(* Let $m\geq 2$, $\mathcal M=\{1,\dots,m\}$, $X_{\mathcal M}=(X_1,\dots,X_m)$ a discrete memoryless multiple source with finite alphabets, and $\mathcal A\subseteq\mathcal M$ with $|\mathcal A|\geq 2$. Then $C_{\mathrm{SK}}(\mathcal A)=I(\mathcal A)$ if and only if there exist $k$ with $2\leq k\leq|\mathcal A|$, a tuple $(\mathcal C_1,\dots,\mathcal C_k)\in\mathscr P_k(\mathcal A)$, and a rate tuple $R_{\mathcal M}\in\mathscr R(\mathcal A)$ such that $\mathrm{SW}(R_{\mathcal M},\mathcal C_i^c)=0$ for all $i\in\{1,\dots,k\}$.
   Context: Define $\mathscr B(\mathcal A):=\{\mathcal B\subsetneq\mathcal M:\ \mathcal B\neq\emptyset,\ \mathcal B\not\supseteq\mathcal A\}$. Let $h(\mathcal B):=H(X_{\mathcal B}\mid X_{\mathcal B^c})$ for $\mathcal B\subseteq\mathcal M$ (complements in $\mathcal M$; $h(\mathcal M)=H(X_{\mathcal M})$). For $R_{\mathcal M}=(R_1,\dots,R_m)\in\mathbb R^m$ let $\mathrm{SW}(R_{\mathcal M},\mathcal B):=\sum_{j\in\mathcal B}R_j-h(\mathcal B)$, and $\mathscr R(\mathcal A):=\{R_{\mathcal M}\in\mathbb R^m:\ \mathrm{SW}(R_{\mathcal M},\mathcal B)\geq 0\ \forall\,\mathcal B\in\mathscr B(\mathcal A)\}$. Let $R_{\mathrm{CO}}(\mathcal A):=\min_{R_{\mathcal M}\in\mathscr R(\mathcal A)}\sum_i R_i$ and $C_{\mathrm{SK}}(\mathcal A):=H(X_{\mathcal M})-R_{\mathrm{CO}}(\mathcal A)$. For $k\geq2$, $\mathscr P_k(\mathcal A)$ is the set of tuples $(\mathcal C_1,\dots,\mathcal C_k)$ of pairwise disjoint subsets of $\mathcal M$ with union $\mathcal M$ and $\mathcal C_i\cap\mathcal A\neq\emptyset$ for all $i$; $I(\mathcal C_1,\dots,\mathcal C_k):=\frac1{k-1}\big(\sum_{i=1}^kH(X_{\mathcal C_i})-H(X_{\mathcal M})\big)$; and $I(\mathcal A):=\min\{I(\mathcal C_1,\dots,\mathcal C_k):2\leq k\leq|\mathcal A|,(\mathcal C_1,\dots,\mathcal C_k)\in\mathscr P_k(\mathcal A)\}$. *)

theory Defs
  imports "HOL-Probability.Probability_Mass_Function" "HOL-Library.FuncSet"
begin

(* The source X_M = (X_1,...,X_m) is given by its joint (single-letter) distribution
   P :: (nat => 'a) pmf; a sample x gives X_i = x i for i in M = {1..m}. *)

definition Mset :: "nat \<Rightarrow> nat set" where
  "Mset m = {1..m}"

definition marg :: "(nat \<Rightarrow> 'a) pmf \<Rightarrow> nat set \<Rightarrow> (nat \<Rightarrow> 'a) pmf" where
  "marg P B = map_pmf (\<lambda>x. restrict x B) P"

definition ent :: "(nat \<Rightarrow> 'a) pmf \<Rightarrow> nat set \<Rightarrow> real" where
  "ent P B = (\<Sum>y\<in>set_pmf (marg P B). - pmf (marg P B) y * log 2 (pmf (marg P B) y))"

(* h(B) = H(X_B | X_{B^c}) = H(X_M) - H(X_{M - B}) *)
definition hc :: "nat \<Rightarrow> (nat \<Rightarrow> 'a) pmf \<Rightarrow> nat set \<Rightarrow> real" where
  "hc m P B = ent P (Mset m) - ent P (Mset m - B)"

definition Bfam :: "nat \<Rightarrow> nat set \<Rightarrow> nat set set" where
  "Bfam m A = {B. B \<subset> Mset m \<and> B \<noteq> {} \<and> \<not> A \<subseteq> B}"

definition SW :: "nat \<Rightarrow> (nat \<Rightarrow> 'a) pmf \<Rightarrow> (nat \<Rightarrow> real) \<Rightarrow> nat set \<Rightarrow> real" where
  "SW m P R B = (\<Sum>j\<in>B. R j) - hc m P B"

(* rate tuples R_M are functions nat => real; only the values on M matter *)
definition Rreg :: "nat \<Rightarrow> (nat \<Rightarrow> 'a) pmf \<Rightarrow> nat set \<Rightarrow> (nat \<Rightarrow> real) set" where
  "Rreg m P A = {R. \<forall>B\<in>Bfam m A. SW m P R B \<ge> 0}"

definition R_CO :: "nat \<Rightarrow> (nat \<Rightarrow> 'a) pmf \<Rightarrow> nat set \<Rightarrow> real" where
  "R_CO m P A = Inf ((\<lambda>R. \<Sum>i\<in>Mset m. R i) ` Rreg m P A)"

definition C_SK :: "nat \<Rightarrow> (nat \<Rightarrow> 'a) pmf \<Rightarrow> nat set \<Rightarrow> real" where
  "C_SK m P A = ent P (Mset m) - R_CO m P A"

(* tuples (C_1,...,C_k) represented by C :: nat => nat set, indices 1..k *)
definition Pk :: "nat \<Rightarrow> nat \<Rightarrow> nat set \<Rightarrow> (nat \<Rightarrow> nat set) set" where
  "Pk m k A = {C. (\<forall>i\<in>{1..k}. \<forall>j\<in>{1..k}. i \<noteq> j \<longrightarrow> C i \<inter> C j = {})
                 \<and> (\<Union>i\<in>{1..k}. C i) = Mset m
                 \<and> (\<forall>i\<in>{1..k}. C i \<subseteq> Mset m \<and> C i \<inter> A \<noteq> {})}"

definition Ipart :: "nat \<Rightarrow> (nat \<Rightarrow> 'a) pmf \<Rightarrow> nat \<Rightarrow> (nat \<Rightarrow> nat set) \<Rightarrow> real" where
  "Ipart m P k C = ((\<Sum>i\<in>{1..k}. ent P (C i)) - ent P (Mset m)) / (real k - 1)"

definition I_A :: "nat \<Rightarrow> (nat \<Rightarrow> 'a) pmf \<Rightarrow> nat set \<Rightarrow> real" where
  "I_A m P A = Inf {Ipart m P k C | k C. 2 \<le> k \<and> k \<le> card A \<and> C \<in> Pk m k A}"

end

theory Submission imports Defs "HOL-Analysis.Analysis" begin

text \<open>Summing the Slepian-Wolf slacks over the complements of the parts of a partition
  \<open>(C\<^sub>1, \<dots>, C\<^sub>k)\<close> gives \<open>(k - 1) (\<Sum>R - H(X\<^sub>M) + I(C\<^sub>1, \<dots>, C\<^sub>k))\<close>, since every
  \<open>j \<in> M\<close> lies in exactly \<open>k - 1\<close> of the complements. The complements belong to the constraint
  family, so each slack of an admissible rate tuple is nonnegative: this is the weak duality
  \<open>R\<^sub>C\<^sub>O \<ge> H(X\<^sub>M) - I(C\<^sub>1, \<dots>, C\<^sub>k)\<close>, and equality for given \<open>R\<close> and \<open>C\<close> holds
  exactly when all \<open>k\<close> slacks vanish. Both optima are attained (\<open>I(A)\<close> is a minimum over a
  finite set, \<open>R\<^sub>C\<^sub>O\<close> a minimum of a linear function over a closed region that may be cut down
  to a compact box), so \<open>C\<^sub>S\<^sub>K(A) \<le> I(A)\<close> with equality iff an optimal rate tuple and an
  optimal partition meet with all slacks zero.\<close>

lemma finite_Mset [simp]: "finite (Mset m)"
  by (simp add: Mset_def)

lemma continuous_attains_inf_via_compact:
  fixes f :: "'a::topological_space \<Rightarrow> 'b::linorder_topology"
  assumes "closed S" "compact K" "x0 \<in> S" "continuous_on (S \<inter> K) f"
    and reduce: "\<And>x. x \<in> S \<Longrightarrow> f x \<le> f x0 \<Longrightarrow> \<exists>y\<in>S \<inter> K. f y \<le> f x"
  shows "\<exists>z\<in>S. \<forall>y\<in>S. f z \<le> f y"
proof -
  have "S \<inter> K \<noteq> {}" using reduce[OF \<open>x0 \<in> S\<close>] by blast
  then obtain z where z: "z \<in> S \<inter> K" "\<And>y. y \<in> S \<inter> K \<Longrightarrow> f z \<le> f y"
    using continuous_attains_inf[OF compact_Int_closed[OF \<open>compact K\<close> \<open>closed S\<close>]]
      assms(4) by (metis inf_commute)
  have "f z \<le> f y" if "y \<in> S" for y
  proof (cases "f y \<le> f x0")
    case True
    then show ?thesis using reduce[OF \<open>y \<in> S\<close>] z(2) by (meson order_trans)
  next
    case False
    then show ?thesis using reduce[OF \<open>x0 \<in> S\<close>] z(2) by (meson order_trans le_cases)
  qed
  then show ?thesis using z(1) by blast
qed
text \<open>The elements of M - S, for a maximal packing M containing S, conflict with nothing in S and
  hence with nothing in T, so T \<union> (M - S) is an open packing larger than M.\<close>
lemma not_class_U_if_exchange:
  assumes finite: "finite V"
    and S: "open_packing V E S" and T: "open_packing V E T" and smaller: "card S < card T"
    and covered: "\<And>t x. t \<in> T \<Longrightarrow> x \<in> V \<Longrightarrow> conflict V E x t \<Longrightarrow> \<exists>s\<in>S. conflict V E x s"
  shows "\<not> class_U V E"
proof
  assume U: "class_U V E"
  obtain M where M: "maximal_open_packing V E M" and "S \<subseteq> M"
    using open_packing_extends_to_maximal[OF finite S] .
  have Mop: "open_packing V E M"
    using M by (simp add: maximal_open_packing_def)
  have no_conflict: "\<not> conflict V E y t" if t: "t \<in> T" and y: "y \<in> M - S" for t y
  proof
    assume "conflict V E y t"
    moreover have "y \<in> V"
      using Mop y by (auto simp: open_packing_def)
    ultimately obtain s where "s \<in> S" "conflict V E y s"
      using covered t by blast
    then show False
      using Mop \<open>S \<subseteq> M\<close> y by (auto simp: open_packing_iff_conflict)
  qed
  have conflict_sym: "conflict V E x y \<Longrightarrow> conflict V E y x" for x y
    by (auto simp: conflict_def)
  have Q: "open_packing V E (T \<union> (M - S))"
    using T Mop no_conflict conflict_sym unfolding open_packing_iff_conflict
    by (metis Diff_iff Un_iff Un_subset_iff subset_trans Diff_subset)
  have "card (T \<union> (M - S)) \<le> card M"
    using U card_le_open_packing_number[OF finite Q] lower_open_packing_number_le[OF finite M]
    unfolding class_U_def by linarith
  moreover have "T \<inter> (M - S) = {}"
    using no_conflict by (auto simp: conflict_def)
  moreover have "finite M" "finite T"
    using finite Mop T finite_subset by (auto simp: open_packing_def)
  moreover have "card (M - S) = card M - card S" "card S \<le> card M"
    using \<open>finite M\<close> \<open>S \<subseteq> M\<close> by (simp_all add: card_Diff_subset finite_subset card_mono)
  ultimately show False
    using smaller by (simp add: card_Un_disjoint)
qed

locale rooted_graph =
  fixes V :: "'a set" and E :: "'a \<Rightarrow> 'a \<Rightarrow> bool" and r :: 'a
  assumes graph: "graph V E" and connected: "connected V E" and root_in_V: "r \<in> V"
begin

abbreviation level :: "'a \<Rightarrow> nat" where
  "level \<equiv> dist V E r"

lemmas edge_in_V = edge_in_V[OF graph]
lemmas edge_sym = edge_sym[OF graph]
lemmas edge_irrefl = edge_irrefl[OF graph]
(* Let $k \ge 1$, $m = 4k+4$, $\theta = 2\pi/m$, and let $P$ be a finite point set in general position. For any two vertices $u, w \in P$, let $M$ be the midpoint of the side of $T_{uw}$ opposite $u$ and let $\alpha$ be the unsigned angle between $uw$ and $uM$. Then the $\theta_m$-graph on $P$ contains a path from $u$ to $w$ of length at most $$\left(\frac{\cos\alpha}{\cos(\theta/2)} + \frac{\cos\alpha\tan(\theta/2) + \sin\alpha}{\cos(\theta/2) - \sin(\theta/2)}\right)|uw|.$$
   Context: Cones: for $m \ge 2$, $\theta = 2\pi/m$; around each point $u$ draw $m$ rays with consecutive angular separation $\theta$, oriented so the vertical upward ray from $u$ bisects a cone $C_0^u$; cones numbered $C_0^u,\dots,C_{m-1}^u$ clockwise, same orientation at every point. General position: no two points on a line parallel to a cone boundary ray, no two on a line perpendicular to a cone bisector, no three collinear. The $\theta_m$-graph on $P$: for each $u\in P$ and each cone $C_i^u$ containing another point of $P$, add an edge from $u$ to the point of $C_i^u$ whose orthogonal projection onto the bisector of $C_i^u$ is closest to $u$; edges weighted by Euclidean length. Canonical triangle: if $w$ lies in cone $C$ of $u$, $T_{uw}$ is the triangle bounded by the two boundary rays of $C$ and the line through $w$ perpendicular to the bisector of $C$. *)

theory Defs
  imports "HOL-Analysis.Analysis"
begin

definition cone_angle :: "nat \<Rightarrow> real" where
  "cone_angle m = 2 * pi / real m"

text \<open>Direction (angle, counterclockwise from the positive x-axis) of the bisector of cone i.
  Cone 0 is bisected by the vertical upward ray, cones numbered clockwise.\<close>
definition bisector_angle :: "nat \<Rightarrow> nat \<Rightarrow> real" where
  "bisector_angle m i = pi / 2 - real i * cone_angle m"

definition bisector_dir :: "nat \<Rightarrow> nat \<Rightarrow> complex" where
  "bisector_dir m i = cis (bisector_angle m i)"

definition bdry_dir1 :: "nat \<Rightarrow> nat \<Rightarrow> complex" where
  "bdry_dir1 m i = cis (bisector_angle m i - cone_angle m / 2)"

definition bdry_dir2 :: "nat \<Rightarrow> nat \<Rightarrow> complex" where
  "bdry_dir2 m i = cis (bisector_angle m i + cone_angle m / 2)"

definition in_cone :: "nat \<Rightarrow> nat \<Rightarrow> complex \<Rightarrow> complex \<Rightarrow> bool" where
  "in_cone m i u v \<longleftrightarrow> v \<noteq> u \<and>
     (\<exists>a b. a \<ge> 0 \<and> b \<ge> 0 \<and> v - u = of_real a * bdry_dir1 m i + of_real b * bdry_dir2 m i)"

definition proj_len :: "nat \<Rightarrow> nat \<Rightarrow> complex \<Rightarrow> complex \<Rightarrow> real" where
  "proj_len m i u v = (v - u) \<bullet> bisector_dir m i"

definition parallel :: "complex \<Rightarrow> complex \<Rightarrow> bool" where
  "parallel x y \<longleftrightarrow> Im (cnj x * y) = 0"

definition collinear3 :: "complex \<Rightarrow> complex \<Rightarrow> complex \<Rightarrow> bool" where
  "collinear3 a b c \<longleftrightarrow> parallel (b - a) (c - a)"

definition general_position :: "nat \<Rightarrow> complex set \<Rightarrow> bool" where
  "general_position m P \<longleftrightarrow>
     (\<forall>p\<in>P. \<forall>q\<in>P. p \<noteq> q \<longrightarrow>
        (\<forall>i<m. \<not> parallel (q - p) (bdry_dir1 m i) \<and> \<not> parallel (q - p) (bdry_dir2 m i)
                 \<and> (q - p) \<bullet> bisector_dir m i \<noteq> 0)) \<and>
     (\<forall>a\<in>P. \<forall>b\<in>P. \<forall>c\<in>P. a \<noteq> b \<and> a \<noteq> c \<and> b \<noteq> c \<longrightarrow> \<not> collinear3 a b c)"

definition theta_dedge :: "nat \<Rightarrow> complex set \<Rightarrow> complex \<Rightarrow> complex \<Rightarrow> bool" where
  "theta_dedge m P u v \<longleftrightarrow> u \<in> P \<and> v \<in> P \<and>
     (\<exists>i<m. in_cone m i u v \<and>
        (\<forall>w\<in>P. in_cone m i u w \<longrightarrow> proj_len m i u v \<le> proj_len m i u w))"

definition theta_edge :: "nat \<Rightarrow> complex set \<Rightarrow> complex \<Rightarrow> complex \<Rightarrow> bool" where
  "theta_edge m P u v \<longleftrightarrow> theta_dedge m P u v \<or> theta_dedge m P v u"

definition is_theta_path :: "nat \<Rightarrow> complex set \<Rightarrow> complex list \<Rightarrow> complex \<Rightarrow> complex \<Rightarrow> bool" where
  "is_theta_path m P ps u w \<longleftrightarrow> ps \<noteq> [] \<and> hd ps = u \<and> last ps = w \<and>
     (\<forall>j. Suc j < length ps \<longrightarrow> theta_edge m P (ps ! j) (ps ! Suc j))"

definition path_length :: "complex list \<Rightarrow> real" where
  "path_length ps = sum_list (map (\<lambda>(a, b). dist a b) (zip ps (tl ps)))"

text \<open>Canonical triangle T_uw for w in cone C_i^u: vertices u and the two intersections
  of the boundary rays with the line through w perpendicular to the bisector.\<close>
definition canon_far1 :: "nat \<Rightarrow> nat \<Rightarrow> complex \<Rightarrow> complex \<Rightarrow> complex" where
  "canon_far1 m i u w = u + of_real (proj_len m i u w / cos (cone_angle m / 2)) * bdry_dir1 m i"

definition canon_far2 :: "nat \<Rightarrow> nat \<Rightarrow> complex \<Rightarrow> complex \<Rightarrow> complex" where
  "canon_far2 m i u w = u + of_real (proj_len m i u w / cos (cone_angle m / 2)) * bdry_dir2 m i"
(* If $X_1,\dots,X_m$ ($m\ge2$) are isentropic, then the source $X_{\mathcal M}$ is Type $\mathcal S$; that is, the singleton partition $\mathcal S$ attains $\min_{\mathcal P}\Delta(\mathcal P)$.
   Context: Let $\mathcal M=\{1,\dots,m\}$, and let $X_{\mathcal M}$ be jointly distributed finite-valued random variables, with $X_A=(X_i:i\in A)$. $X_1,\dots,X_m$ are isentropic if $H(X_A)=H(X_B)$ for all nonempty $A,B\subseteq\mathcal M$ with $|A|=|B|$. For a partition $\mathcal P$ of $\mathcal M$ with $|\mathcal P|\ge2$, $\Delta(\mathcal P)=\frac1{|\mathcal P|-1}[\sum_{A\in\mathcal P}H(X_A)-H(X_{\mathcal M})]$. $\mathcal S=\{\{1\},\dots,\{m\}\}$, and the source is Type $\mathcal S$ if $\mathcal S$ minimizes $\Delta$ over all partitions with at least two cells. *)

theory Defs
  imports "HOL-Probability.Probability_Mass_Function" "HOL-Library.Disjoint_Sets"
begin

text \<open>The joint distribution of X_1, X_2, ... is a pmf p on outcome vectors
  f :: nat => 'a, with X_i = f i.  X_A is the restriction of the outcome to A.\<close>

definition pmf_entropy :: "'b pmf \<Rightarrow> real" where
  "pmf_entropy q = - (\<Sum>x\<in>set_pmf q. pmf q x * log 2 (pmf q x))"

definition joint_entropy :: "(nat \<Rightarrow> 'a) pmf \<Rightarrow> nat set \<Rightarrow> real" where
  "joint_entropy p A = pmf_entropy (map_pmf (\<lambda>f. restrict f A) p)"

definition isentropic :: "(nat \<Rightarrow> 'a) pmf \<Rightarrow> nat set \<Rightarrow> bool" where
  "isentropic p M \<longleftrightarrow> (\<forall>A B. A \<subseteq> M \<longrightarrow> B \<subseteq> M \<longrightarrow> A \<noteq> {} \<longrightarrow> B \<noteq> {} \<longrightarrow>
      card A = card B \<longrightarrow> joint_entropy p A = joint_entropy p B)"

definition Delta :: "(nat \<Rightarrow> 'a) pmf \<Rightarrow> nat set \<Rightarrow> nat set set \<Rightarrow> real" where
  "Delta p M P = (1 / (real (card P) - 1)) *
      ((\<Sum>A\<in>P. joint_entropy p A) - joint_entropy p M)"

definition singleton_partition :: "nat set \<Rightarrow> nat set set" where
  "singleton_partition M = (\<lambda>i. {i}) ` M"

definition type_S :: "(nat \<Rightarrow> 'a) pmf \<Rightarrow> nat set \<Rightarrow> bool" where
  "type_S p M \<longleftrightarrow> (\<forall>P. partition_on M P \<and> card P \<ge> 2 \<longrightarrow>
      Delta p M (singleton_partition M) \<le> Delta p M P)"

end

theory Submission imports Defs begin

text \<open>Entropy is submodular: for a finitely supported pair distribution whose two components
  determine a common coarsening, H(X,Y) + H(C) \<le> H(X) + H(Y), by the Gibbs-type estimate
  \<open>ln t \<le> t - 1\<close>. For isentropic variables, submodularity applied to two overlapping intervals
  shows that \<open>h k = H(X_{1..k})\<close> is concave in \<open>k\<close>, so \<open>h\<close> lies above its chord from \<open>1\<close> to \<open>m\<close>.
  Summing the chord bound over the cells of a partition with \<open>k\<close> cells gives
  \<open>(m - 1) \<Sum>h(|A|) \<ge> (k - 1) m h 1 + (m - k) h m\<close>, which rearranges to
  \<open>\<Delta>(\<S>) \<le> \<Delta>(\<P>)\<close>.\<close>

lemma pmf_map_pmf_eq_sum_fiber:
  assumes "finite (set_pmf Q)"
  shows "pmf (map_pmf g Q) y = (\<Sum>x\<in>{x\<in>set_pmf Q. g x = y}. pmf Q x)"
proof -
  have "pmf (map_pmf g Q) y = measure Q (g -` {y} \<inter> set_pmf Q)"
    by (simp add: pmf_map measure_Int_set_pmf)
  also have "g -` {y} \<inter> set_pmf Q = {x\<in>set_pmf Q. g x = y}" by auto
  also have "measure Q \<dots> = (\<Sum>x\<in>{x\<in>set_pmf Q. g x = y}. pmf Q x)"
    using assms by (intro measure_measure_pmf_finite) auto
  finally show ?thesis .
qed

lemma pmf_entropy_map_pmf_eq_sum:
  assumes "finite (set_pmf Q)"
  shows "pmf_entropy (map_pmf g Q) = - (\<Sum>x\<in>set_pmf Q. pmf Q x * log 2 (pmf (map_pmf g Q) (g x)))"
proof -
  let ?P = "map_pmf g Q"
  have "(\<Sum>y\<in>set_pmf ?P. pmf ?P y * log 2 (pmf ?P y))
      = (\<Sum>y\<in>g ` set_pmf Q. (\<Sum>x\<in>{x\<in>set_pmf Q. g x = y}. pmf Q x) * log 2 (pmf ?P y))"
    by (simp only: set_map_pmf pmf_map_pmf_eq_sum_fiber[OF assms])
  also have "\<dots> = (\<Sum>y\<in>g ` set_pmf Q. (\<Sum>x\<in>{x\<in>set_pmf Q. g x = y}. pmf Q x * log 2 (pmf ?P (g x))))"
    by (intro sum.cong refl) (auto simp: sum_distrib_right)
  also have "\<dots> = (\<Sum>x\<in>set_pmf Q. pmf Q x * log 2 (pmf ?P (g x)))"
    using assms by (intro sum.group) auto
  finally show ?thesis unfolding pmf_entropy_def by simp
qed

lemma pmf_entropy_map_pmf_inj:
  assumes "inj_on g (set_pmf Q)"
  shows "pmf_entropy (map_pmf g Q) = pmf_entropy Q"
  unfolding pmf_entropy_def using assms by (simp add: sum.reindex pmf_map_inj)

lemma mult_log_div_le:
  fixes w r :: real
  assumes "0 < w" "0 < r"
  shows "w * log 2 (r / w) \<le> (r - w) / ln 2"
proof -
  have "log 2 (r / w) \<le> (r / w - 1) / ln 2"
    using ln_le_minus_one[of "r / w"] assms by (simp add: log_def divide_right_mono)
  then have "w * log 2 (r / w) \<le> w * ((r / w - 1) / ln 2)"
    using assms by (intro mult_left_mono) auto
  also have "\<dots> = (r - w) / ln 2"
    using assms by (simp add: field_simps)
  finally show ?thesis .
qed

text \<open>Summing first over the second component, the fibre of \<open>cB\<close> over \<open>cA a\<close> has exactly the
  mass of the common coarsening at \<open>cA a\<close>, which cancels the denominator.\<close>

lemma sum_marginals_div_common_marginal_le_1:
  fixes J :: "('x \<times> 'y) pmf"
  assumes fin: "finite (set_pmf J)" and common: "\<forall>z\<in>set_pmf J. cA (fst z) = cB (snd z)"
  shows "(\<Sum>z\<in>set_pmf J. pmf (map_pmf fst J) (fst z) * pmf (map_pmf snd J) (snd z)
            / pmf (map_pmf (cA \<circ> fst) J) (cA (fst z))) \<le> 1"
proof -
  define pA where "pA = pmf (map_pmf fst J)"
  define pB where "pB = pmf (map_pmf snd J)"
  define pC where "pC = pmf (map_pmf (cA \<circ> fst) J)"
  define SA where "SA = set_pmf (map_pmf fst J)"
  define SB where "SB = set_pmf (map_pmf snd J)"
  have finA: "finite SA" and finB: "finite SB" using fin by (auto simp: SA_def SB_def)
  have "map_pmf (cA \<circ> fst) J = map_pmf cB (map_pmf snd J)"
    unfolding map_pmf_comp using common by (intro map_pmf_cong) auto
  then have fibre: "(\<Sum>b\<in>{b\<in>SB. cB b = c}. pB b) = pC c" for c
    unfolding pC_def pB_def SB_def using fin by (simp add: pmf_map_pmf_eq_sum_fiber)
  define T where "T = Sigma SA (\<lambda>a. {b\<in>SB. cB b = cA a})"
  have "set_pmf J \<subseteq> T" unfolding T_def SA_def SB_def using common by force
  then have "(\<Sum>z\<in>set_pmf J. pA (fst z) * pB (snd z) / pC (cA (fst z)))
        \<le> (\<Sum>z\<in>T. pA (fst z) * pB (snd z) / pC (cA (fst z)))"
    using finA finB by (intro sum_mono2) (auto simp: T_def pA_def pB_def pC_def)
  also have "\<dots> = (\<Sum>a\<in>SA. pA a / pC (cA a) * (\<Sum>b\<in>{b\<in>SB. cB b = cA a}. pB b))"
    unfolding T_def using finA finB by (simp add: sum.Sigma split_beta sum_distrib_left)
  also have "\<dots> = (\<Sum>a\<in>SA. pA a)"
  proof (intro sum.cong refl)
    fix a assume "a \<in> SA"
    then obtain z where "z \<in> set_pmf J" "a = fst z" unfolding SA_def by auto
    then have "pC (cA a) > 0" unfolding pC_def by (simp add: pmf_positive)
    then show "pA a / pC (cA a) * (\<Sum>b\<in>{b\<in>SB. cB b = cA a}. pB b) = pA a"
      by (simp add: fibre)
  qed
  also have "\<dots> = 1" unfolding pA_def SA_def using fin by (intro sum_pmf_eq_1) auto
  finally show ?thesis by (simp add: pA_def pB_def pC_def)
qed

▶ Work item
Your answer should be every line from the material above in which the word "smaller" appears.

▶ Result
    and S: "open_packing V E S" and T: "open_packing V E T" and smaller: "card S < card T"
    using smaller by (simp add: card_Un_disjoint)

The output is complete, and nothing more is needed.